It sounds like "7" is more reasonable because when I test using below code, the value is still valid, while "8" is invalid
Why don't the compilers check the interchange format for giving decision about the numbers of digits represented in floating-point (instead of using a fixed value)?
Code:
#include <iostream>
#include <limits>
using namespace std;
int main( )
{
cout << numeric_limits<float> :: digits10 << endl;
float f = -9999999;
cout.precision ( 10 );
cout << f << endl;
}
You're not reading the documentation.
std::numeric_limits<float>::digits10 is 6:
The value of std::numeric_limits<T>::digits10 is the number of base-10 digits that can be represented by the type T without change, that is, any number with this many decimal digits can be converted to a value of type T and back to decimal form, without change due to rounding or overflow. For base-radix types, it is the value of digits (digits-1 for floating-point types) multiplied by log10(radix) and rounded down.

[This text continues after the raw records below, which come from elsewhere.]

(* Let $m\ge1$ and $\mathcal{B}=\mathcal{B}_{1,m}=G_m$ (the block of cells of size $1$). Then $$\langle\chi_{\mathcal{B}},\ \det\cdot\varepsilon\cdot\psi\rangle_{\mathcal{B}}=\frac{\binom{2m}{m}}{4^m},\qquad \langle\chi_{\mathcal{B}},\ \det\cdot\psi\rangle_{\mathcal{B}}=\frac{(-1)^{m+1}}{2m}\cdot\frac{\binom{2m-2}{m-1}}{4^{m-1}}.$$ In particular the first quantity equals $|L_m|/|G_m|$, where $L_m$ is the set of elements of $G_m$ satisfying condition (L).
   Context: $G_m$ is the signed permutation group of bijections of $\{\pm1,\dots,\pm m\}$ commuting with negation; write $g\in G_m$ as $(s_1,\dots,s_m;\sigma)$, $s_i\in\{\pm1\}$, $\sigma\in S_m$ (the signed permutation matrix with $(\sigma(i),i)$ entry $s_i$). Here $\psi\equiv1$, $\varepsilon(g)=\operatorname{sgn}(\sigma)$, and $\det(g)=\operatorname{sgn}(\sigma)$ is the sign of the underlying permutation (signs forgotten). An element $g\in G_m$ satisfies condition (L) if for every $i$ the points $i$ and $-i$ lie in different orbits of $\langle g\rangle$ on $\{\pm1,\dots,\pm m\}$; $\chi_{\mathcal{B}}$ is the indicator of (L). For functions $\alpha,\beta$ on a finite group $H$, $\langle\alpha,\beta\rangle_H=\frac1{|H|}\sum_{h\in H}\alpha(h)\overline{\beta(h)}$. *)

theory Defs
  imports Complex_Main "HOL-Combinatorics.Permutations"
begin

definition pm_set :: "nat \<Rightarrow> int set" where
  "pm_set m = {i. 1 \<le> \<bar>i\<bar> \<and> \<bar>i\<bar> \<le> int m}"

definition signed_perms :: "nat \<Rightarrow> (int \<Rightarrow> int) set" where
  "signed_perms m = {g. g permutes pm_set m \<and> (\<forall>i\<in>pm_set m. g (- i) = - g i)}"

definition underlying_perm :: "nat \<Rightarrow> (int \<Rightarrow> int) \<Rightarrow> int \<Rightarrow> int" where
  "underlying_perm m g = (\<lambda>i. if 1 \<le> i \<and> i \<le> int m then \<bar>g i\<bar> else i)"

definition det_char :: "nat \<Rightarrow> (int \<Rightarrow> int) \<Rightarrow> complex" where
  "det_char m g = of_int (sign (underlying_perm m g))"
text \<open>Every element of an omega-elementary wqo has only finitely many elements below it,
  and a strict descent from \<open>x\<close> to \<open>y\<close> strictly shrinks the downset. Hence the number of
  elements below the last entry of a decreasing sequence bounds its rank, so every child
  of the root has finite rank. Conversely, every such wqo contains an infinite strictly
  ascending chain \<open>e\<^sub>0 < e\<^sub>1 < \<dots>\<close>, and the one-element sequence \<open>[e\<^sub>n\<^sub>+\<^sub>1]\<close> extends to
  the decreasing sequence \<open>e\<^sub>n\<^sub>+\<^sub>1, \<dots>, e\<^sub>0\<close>, so its rank is at least \<open>n + 1\<close>.\<close>

lemma list_all2_trans_on:
  assumes "\<And>x y z. x \<in> set xs \<Longrightarrow> y \<in> set ys \<Longrightarrow> z \<in> set zs \<Longrightarrow> R x y \<Longrightarrow> R y z \<Longrightarrow> R x z"
    and "list_all2 R xs ys" "list_all2 R ys zs"
  shows "list_all2 R xs zs"
proof (rule list_all2_all_nthI)
  have len: "length xs = length ys" "length ys = length zs"
    using assms(2,3) by (auto dest: list_all2_lengthD)
  then show "length xs = length zs" by simp
  fix i assume "i < length xs"
  with len have "xs ! i \<in> set xs" "ys ! i \<in> set ys" "zs ! i \<in> set zs"
    and "R (xs ! i) (ys ! i)" "R (ys ! i) (zs ! i)"
    using list_all2_nthD[OF assms(2)] list_all2_nthD[OF assms(3)] by simp_all
  then show "R (xs ! i) (zs ! i)" by (rule assms(1))
qed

The standard 32-bit IEEE 754 floating-point type has a 24 bit fractional part (23 bits written, one implied), which may suggest that it can represent 7 digit decimals (24 * std::log10(2) is 7.22), but relative rounding errors are non-uniform and some floating-point values with 7 decimal digits do not survive conversion to 32-bit float and back: the smallest positive example is 8.589973e9, which becomes 8.589974e9 after the roundtrip. These rounding errors cannot exceed one bit in the representation, and digits10 is calculated as (24-1)*std::log10(2), which is 6.92. Rounding down results in the value 6.
std::numeric_limits<float>::max_digits10 is 9:
The value of std::numeric_limits<T>::max_digits10 is the number of base-10 digits that are necessary to uniquely represent all distinct values of the type T, such as necessary for serialization/deserialization to text. This constant is meaningful for all floating-point types.
Unlike most mathematical operations, the conversion of a floating-point value to text and back is exact as long as at least max_digits10 were used (9 for float, 17 for double): it is guaranteed to produce the same floating-point value, even though the intermediate text representation is not exact. It may take over a hundred decimal digits to represent the precise value of a float in decimal notation.
std::numeric_limits<float>::digits10 equates to FLT_DIG, which is defined by the C standard :
number of decimal digits, q, such that any floating-point number with q decimal digits can be rounded into a floating-point number with p radix b digits and back again without change to the q decimal digits,
⎧ p log10 b if b is a power of 10
⎨
⎩ ⎣( p − 1) log10 b⎦ otherwise
FLT_DIG 6
DBL_DIG 10
LDBL_DIG 10
The reason for the value 6 (and not 7), is due to rounding errors - not all floating point values with 7 decimal digits can be losslessly represented by a 32-bit float. Rounding errors are limited to 1 bit though, so the FLT_DIG value was calculated based on 23 bits (instead of the full 24) :
23 * log10(2) = 6.92
which is rounded down to 6.
With below code, I get result "4.31 43099".
double f = atof("4.31");
long ff = f * 10000L;
std::cout << f << ' ' << ff << '\n';
If I change "double f" to "float f". I get expected result "4.31 43100". I am not sure if changing "double" to "float" is a good solution. Is there any good solution to assure I get "43100"?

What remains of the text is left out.